The Ultimate Guide to Bank Transaction Data 2022

Learn about bank transaction data analytics, sources, and collection.

What is Bank Transaction Data?

Bank transaction data is data that shows cash in and cash out of an account, normally referred to as account statements. It can include logistical, financial, and work-related insights for individual account-holders, as well as corporate and company accounts.
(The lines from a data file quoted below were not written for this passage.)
(* Let $(X_i)_{i\in\mathbb{Z}}$ be a stationary strongly nonergodic process over a finite alphabet $\mathbb{X}$, with associated IID binary process $(Z_k)_{k\in\mathbb{N}}$ ($P(Z_k=0)=P(Z_k=1)=\tfrac12$) and functions $s_k:\mathbb{X}^*\to\{0,1\}$ satisfying $\lim_{n\to\infty}P(s_k(X_{t+1:t+n})=Z_k)=1$ for all $k\in\mathbb{N}$, $t\in\mathbb{Z}$. Let $\delta\in(\tfrac12,1)$, $U_\delta(n):=\{k\in\mathbb{N}:P(s_k(X_{1:n})=Z_k)\ge\delta\}$ and $$H^U(n):=hn+[\log2-\eta(\delta)]\operatorname{card}U_\delta(n),\qquad \eta(p):=-p\log p-(1-p)\log(1-p).$$ Then $H(n)\ge H^U(n)$ for all $n$, and $$\lim_{n\to\infty}H(n)/n=h=\lim_{n\to\infty}H^U(n)/n.$$
   Context: $H(n):=H(X_{t+1:t+n})=-\mathbb{E}\log P(X_{t+1:t+n})$ (natural log), $h:=\lim_n H(n)/n$ is the entropy rate. A process is strongly nonergodic if such $(Z_k)$ and $s_k$ as in the claim exist. *)

theory Defs
  imports "HOL-Probability.Probability"
begin

definition block :: "(int \<Rightarrow> 'w \<Rightarrow> 'a) \<Rightarrow> int \<Rightarrow> nat \<Rightarrow> 'w \<Rightarrow> 'a list" where
  "block X t n \<omega> = map (\<lambda>i. X (t + int i) \<omega>) [1..<n+1]"

definition stationary :: "'w measure \<Rightarrow> (int \<Rightarrow> 'w \<Rightarrow> 'a) \<Rightarrow> bool" where
  "stationary M X \<longleftrightarrow> (\<forall>t n A. measure M {\<omega>\<in>space M. block X t n \<omega> \<in> A}
                                 = measure M {\<omega>\<in>space M. block X 0 n \<omega> \<in> A})"

definition block_entropy :: "'w measure \<Rightarrow> (int \<Rightarrow> 'w \<Rightarrow> 'a) \<Rightarrow> nat \<Rightarrow> real" where
  "block_entropy M X n =
     - (\<integral>\<omega>. ln (measure M {\<omega>'\<in>space M. block X 0 n \<omega>' = block X 0 n \<omega>}) \<partial>M)"

definition entropy_rate :: "'w measure \<Rightarrow> (int \<Rightarrow> 'w \<Rightarrow> 'a) \<Rightarrow> real" where
  "entropy_rate M X = lim (\<lambda>n. block_entropy M X n / real n)"

definition bin_entropy :: "real \<Rightarrow> real" where
  "bin_entropy p = - p * ln p - (1 - p) * ln (1 - p)"

definition U_delta :: "'w measure \<Rightarrow> (int \<Rightarrow> 'w \<Rightarrow> 'a) \<Rightarrow> (nat \<Rightarrow> 'w \<Rightarrow> bool)
    \<Rightarrow> (nat \<Rightarrow> 'a list \<Rightarrow> bool) \<Rightarrow> real \<Rightarrow> nat \<Rightarrow> nat set" where
  "U_delta M X Z s \<delta> n = {k. measure M {\<omega>\<in>space M. s k (block X 0 n \<omega>) = Z k \<omega>} \<ge> \<delta>}"

definition HU :: "'w measure \<Rightarrow> (int \<Rightarrow> 'w \<Rightarrow> 'a) \<Rightarrow> (nat \<Rightarrow> 'w \<Rightarrow> bool)
    \<Rightarrow> (nat \<Rightarrow> 'a list \<Rightarrow> bool) \<Rightarrow> real \<Rightarrow> nat \<Rightarrow> real" where
  "HU M X Z s \<delta> n = entropy_rate M X * real n
      + (ln 2 - bin_entropy \<delta>) * real (card (U_delta M X Z s \<delta> n))"

end

theory Submission
  imports Defs "HOL-Real_Asymp.Real_Asymp"
begin

text \<open>
  By submodularity of entropy, the block entropy H(n) of a stationary process is nondecreasing and
  concave; hence H(n)/n converges to h and H(m + n) - H(m) \<ge> n h.

  Let F \<subseteq> U_\<delta>(n) be finite and Z_F the vector of the fair bits indexed by F, so that
  H(Z_F) = |F| log 2. Writing A = X_{1:n} and B = X_{n+1:n+m}, submodularity gives
  H(A | B) + H(Z_F) \<le> H(A) + H(Z_F | A) + H(Z_F | B), and H(A | B) \<ge> n h.
  Predicting Z_k by s_k is a binary guess, so the binary Fano inequality bounds H(Z_F | A) by
  |F| \<eta>(\<delta>) and H(Z_F | B) by a sum of \<eta>(error probability) that vanishes as m \<rightarrow> \<infinity>. Hence
  |F| (log 2 - \<eta>(\<delta>)) \<le> H(n) - n h. Since \<eta>(\<delta>) < log 2, the set U_\<delta>(n) is finite and
  H(n) \<ge> H^U(n); then h \<le> H^U(n)/n \<le> H(n)/n gives the limit of H^U(n)/n.
\<close>

section \<open>Entropy of finite-valued random variables\<close>

lemma gibbs_inequality:
  fixes p q :: "'i \<Rightarrow> real"
  assumes "finite I" and p: "\<And>i. i \<in> I \<Longrightarrow> 0 \<le> p i" and q: "\<And>i. i \<in> I \<Longrightarrow> 0 \<le> q i"
    and supp: "\<And>i. i \<in> I \<Longrightarrow> 0 < p i \<Longrightarrow> 0 < q i" and mass: "sum q I \<le> sum p I"
  shows "(\<Sum>i\<in>I. p i * ln (q i)) \<le> (\<Sum>i\<in>I. p i * ln (p i))"
proof -
  have "p i * ln (q i) - p i * ln (p i) \<le> q i - p i" if i: "i \<in> I" for i
  proof (cases "p i = 0")
    case True
    then show ?thesis using q[OF i] by simp
  next
    case False
    then have pos: "0 < p i" "0 < q i" using p[OF i] supp[OF i] by auto
    have "ln (q i / p i) \<le> q i / p i - 1" using pos by (intro ln_le_minus_one) simp
    then have "p i * ln (q i / p i) \<le> p i * (q i / p i - 1)" using pos by (intro mult_left_mono) auto
    then show ?thesis using pos by (simp add: ln_div algebra_simps)
  qed
  then have "(\<Sum>i\<in>I. p i * ln (q i) - p i * ln (p i)) \<le> (\<Sum>i\<in>I. q i - p i)" by (rule sum_mono)
  then show ?thesis using mass by (simp add: sum_subtractf)
qed

lemma sum_coupling_mass:
  fixes p :: "'a \<Rightarrow> 'b \<Rightarrow> 'c \<Rightarrow> real"
  assumes pac: "\<And>a c. pac a c = (\<Sum>b\<in>B. p a b c)"
    and pbc: "\<And>b c. pbc b c = (\<Sum>a\<in>A. p a b c)"
    and pc: "\<And>c. pc c = (\<Sum>a\<in>A. \<Sum>b\<in>B. p a b c)"
  shows "(\<Sum>a\<in>A. \<Sum>b\<in>B. \<Sum>c\<in>C. pac a c * pbc b c / pc c) = (\<Sum>a\<in>A. \<Sum>b\<in>B. \<Sum>c\<in>C. p a b c)"
proof -
  have pc_ac: "pc c = (\<Sum>a\<in>A. pac a c)" for c using pc pac by simp
  have pc_bc: "pc c = (\<Sum>b\<in>B. pbc b c)" for c unfolding pc pbc by (rule sum.swap)
  have "(\<Sum>a\<in>A. \<Sum>b\<in>B. \<Sum>c\<in>C. pac a c * pbc b c / pc c) = (\<Sum>a\<in>A. \<Sum>c\<in>C. \<Sum>b\<in>B. pac a c * pbc b c / pc c)"
    by (rule sum.cong[OF refl], rule sum.swap)
  also have "\<dots> = (\<Sum>c\<in>C. \<Sum>a\<in>A. \<Sum>b\<in>B. pac a c * pbc b c / pc c)"
    by (rule sum.swap)
  also have "\<dots> = (\<Sum>c\<in>C. (\<Sum>a\<in>A. pac a c) * (\<Sum>b\<in>B. pbc b c) / pc c)"
    by (simp add: sum_product sum_divide_distrib)
  also have "\<dots> = (\<Sum>c\<in>C. pc c)"
    by (simp flip: pc_ac pc_bc)
  also have "\<dots> = (\<Sum>a\<in>A. \<Sum>b\<in>B. \<Sum>c\<in>C. p a b c)"
    unfolding pc by (subst sum.swap) (rule sum.cong[OF refl], rule sum.swap)
  finally show ?thesis .
qed

text \<open>
  Shannon's inequality H(X,Y,Z) + H(Z) \<le> H(X,Z) + H(Y,Z) in coordinates: Gibbs' inequality
  compares p with the coupling q = pac pbc / pc, under which the first two coordinates are
  conditionally independent given the third.
\<close>

lemma sum_xlnx_submodular:
  fixes p :: "'a \<Rightarrow> 'b \<Rightarrow> 'c \<Rightarrow> real"
  assumes fin: "finite A" "finite B" "finite C"
    and nn: "\<And>a b c. 0 \<le> p a b c"
    and pac: "\<And>a c. pac a c = (\<Sum>b\<in>B. p a b c)"
    and pbc: "\<And>b c. pbc b c = (\<Sum>a\<in>A. p a b c)"
    and pc: "\<And>c. pc c = (\<Sum>a\<in>A. \<Sum>b\<in>B. p a b c)"
  shows "(\<Sum>a\<in>A. \<Sum>c\<in>C. pac a c * ln (pac a c)) + (\<Sum>b\<in>B. \<Sum>c\<in>C. pbc b c * ln (pbc b c))
       \<le> (\<Sum>a\<in>A. \<Sum>b\<in>B. \<Sum>c\<in>C. p a b c * ln (p a b c)) + (\<Sum>c\<in>C. pc c * ln (pc c))"
proof -
  define q where "q a b c = pac a c * pbc b c / pc c" for a b c
  have pc_ac: "pc c = (\<Sum>a\<in>A. pac a c)" for c using pc pac by simp
  have le_pac: "p a b c \<le> pac a c" if "b \<in> B" for a b c
    unfolding pac using fin nn that by (intro member_le_sum) auto
  have le_pbc: "p a b c \<le> pbc b c" if "a \<in> A" for a b c
    unfolding pbc using fin nn that by (intro member_le_sum) auto
  have le_pc: "pac a c \<le> pc c" if "a \<in> A" for a c
    unfolding pc_ac using fin nn that by (intro member_le_sum) (auto simp: pac intro!: sum_nonneg)
  have mass: "(\<Sum>a\<in>A. \<Sum>b\<in>B. \<Sum>c\<in>C. q a b c) = (\<Sum>a\<in>A. \<Sum>b\<in>B. \<Sum>c\<in>C. p a b c)"
    unfolding q_def using pac pbc pc by (rule sum_coupling_mass)
  have q_nonneg: "0 \<le> q a b c" if "a \<in> A" "b \<in> B" for a b c
    using that le_pc[of a c] le_pac[of b a c] le_pbc[of a b c] nn[of a b c] unfolding q_def by simp
  have q_pos: "0 < q a b c" if "a \<in> A" "b \<in> B" "0 < p a b c" for a b c
    using that le_pc[of a c] le_pac[of b a c] le_pbc[of a b c] unfolding q_def by simp
  have gibbs: "(\<Sum>a\<in>A. \<Sum>b\<in>B. \<Sum>c\<in>C. p a b c * ln (q a b c))
      \<le> (\<Sum>a\<in>A. \<Sum>b\<in>B. \<Sum>c\<in>C. p a b c * ln (p a b c))"
  proof -
    have "(\<Sum>(a, b, c)\<in>A \<times> B \<times> C. q a b c) \<le> (\<Sum>(a, b, c)\<in>A \<times> B \<times> C. p a b c)"
      using mass by (simp add: sum.cartesian_product)
    then have "(\<Sum>i\<in>A \<times> B \<times> C. (\<lambda>(a, b, c). p a b c) i * ln ((\<lambda>(a, b, c). q a b c) i))
        \<le> (\<Sum>i\<in>A \<times> B \<times> C. (\<lambda>(a, b, c). p a b c) i * ln ((\<lambda>(a, b, c). p a b c) i))"
      using fin nn q_nonneg q_pos by (intro gibbs_inequality) auto
    then show ?thesis by (simp add: sum.cartesian_product split_beta)
  qed
  have log_split: "p a b c * ln (q a b c) = p a b c * ln (pac a c) + p a b c * ln (pbc b c) - p a b c * ln (pc c)"
    if "a \<in> A" "b \<in> B" for a b c
  proof (cases "p a b c = 0")
    case False
    then have "0 < p a b c" using nn[of a b c] by simp
    then have "0 < pac a c" "0 < pbc b c" "0 < pc c"
      using that le_pc[of a c] le_pac[of b a c] le_pbc[of a b c] by linarith+
    then show ?thesis by (simp add: q_def ln_div ln_mult algebra_simps)
  qed simp
  have s1: "(\<Sum>a\<in>A. \<Sum>b\<in>B. \<Sum>c\<in>C. p a b c * ln (pac a c)) = (\<Sum>a\<in>A. \<Sum>c\<in>C. pac a c * ln (pac a c))"
    by (rule sum.cong[OF refl], subst sum.swap) (simp add: pac sum_distrib_right)
  have s2: "(\<Sum>a\<in>A. \<Sum>b\<in>B. \<Sum>c\<in>C. p a b c * ln (pbc b c)) = (\<Sum>b\<in>B. \<Sum>c\<in>C. pbc b c * ln (pbc b c))"
    by (subst sum.swap) (rule sum.cong[OF refl], subst sum.swap, simp add: pbc sum_distrib_right)
  have s3: "(\<Sum>a\<in>A. \<Sum>b\<in>B. \<Sum>c\<in>C. p a b c * ln (pc c)) = (\<Sum>c\<in>C. pc c * ln (pc c))"
  proof -
    have "(\<Sum>a\<in>A. \<Sum>b\<in>B. \<Sum>c\<in>C. p a b c * ln (pc c)) = (\<Sum>a\<in>A. \<Sum>c\<in>C. pac a c * ln (pc c))"
      by (rule sum.cong[OF refl], subst sum.swap) (simp add: pac sum_distrib_right)
    also have "\<dots> = (\<Sum>c\<in>C. pc c * ln (pc c))"
      by (subst sum.swap) (simp add: pc_ac sum_distrib_right)
    finally show ?thesis .
  qed
  have "(\<Sum>a\<in>A. \<Sum>b\<in>B. \<Sum>c\<in>C. p a b c * ln (q a b c))
      = (\<Sum>a\<in>A. \<Sum>b\<in>B. \<Sum>c\<in>C. p a b c * ln (pac a c)) + (\<Sum>a\<in>A. \<Sum>b\<in>B. \<Sum>c\<in>C. p a b c * ln (pbc b c))
        - (\<Sum>a\<in>A. \<Sum>b\<in>B. \<Sum>c\<in>C. p a b c * ln (pc c))"
    by (simp add: log_split sum.distrib sum_subtractf)
  then show ?thesis using gibbs s1 s2 s3 by linarith
qed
How is Bank Transaction Data collected?

This data in the modern-day running of banks where the focus has shifted away from paperwork, electronic transactions can be found on bank databases, and can also be generated from customers through interactions with bank sales agents and service representatives and transactions. In modern banking, where banks are striving every day to offer personalized services to every customer, banks have made it a key strategy to send customers bank statements that highlight bank transaction details.

What are the typical attributes of Bank Transaction Data?

This data includes such information as the number of credit card withdrawals per day, the value of credit card withdrawals per day, cash credits value and number of online transactions. This gives the user access to the specific information they need.

How is Bank Transaction Data commonly used?

Bank transactional data can be leveraged by banks in many ways. In well-structured systems, banks can use this data to group their clients and customers in a way that they handle and sell their policy products to them. The success of any bank is pegged on their ability to understand their customers’ needs and they can only do this with good data in place. Having an aggregated customer database enables a bank to leverage big data analytics for better marketing strategies.

How can a user assess the quality of Bank Transaction Data?

To remain competitive in a red ocean competitive business environment, conventional banks should make intelligent and intuitive decisions on how best to serve their customers. As such, the backbone of intelligent decision making is the quality of data collected about every client. The quality of bank transactional data is gauged by how effectively is can be utilized by its user. Bank transaction data should allow a user to make smarter decision and generate high ROI. This can only be achieved when the data is consistent and complete. ‘Consistency’ means that the data has been collected over a suitable span of time and is always up to date. Bank transactional data accuracy is also a key indicator of good quality, as only with accurate statistics can a user make effective, data-driven decisions.

Where can I buy Bank Transaction Data?

Data providers and vendors listed on Datarade sell Bank Transaction Data products and samples. Popular Bank Transaction Data products and datasets available on our platform are AML Data on traditional and crypto transactions by HubioID, Multimedia List - Transactional Retail & Bank Card Holder Data USA (24 Million records) by Multimedia Lists, and UNBANKS Real-Time EU Consumer Transaction Data (de-identified, pay as you go option available) by UNBANKS.

How can I get Bank Transaction Data?

You can get Bank Transaction Data via a range of delivery methods - the right one for you depends on your use case. For example, historical Bank Transaction Data is usually available to download in bulk and delivered using an S3 bucket. On the other hand, if your use case is time-critical, you can buy real-time Bank Transaction Data APIs, feeds and streams to download the most up-to-date intelligence.

What are similar data types to Bank Transaction Data?

Bank Transaction Data is similar to Credit Card Transaction Data, Point-of-Sale (POS) Data, Loyalty Card Data, Consumer Transaction Data, and Debit Card Transaction Data. These data categories are commonly used for Purchase Intelligence and spending analytics.

What are the most common use cases for Bank Transaction Data?

The top use cases for Bank Transaction Data are Purchase Intelligence, spending analytics, and behavioral analytics.